## WORK REQUIRED
Output the records that follow, keeping every line exactly as it is.

## PROVIDED RECORDS

lemma indep_var_partial_sum_next:
  fixes X :: "nat \<Rightarrow> 'a \<Rightarrow> real"
  assumes "indep_vars (\<lambda>_. borel) X UNIV"
  shows "indep_var borel (\<lambda>\<omega>. \<Sum>k<n. X k \<omega>) borel (X n)"
proof -
  have "(\<lambda>\<omega>. \<Sum>i<n. restrict (\<lambda>i. X i \<omega>) {..<n} i) = (\<lambda>\<omega>. \<Sum>k<n. X k \<omega>)"
    by (auto intro!: sum.cong)
  then show ?thesis
    using indep_var_fun_initial_segment[OF assms borel_measurable_partial_sum_PiM[of n n]] by simp
qed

## RESPONSE FOR THIS EXERCISE
lemma indep_var_partial_sum_next:
  fixes X :: "nat \<Rightarrow> 'a \<Rightarrow> real"
  assumes "indep_vars (\<lambda>_. borel) X UNIV"
  shows "indep_var borel (\<lambda>\<omega>. \<Sum>k<n. X k \<omega>) borel (X n)"
proof -
  have "(\<lambda>\<omega>. \<Sum>i<n. restrict (\<lambda>i. X i \<omega>) {..<n} i) = (\<lambda>\<omega>. \<Sum>k<n. X k \<omega>)"
    by (auto intro!: sum.cong)
  then show ?thesis
    using indep_var_fun_initial_segment[OF assms borel_measurable_partial_sum_PiM[of n n]] by simp
qed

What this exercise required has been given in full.